[PROVIDED MATERIAL — start]

(* The total number of units alone does not guarantee q groups of 4 units (three bundles of 3
   units form only one group). Counting 1s and 3s once and 4s twice gives a second quantity
   which, together with the total, survives splitting off one group (full_bin_counts). *)
definition half_units :: "nat \<Rightarrow> nat" where
  "half_units u = (if u = 4 then 2 else if u = 1 \<or> u = 3 then 1 else 0)"

lemma sum_comp_by_fibres:
  fixes u :: "'a \<Rightarrow> nat" and g :: "nat \<Rightarrow> nat"
  assumes "finite K" "\<forall>k\<in>K. u k \<le> m"
  shows "(\<Sum>k\<in>K. g (u k)) = (\<Sum>j\<le>m. card {k\<in>K. u k = j} * g j)"
proof -
  have "(\<Sum>k\<in>K. g (u k)) = (\<Sum>j\<le>m. \<Sum>k\<in>{k\<in>K. u k = j}. g (u k))"
    using assms by (intro sum.group[symmetric]) auto
  also have "\<dots> = (\<Sum>j\<le>m. card {k\<in>K. u k = j} * g j)"
    by (intro sum.cong refl) simp
  finally show ?thesis .
qed

lemma sum_units_by_fibres:
  fixes u :: "'a \<Rightarrow> nat"
  assumes "finite K" "\<forall>k\<in>K. u k \<le> 4"
  shows "(\<Sum>k\<in>K. u k) = card {k\<in>K. u k = 1} + 2 * card {k\<in>K. u k = 2}
           + 3 * card {k\<in>K. u k = 3} + 4 * card {k\<in>K. u k = 4}"
    and "(\<Sum>k\<in>K. half_units (u k)) = card {k\<in>K. u k = 1} + card {k\<in>K. u k = 3}
           + 2 * card {k\<in>K. u k = 4}"
  using sum_comp_by_fibres[OF assms, of id] sum_comp_by_fibres[OF assms, of half_units]
  by (simp_all add: numeral_eq_Suc half_units_def)
lemma path_value_inj:
  assumes "\<forall>e\<in>set es. odometer_edge A B e" "\<forall>e\<in>set fs. odometer_edge A B e"
    and "map edge_r es = map edge_r fs" "map edge_s es = map edge_s fs"
    and "path_value A es = path_value A fs"
  shows "es = fs"
  using assms
proof (induction es arbitrary: fs)
  case (Cons e es)
  then obtain f fs' where fs: "fs = f # fs'" by (cases fs) auto
  define a where "a = int (edge_radix A e)"
  have ends: "edge_r f = edge_r e" "edge_s f = edge_s e" using Cons.prems fs by auto
  then have "edge_radix A f = edge_radix A e" by (simp add: edge_radix_def)
  then have val: "int (edge_lab e) + a * path_value A es = int (edge_lab f) + a * path_value A fs'"
    using Cons.prems(5) fs by (simp add: a_def)
  have digits: "int (edge_lab e) < a" "int (edge_lab f) < a"
    using Cons.prems fs \<open>edge_radix A f = edge_radix A e\<close> by (auto simp: odometer_edge_def a_def)
  from arg_cong[OF val, of "\<lambda>x. x mod a"] have "edge_lab e = edge_lab f"
    using digits by simp
  with val digits have "path_value A es = path_value A fs'" by simp
  with Cons have "es = fs'" using fs by auto
  moreover have "e = f"
    using ends \<open>edge_lab e = edge_lab f\<close> by (simp add: edge_r_def edge_s_def edge_lab_def prod_eq_iff)
  ultimately show ?case using fs by simp
qed simp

[PROVIDED MATERIAL — finish]

** PROMPT **
Among the lines above, tally those containing the string "where" and give only the result.

** SOLUTION BELOW **
3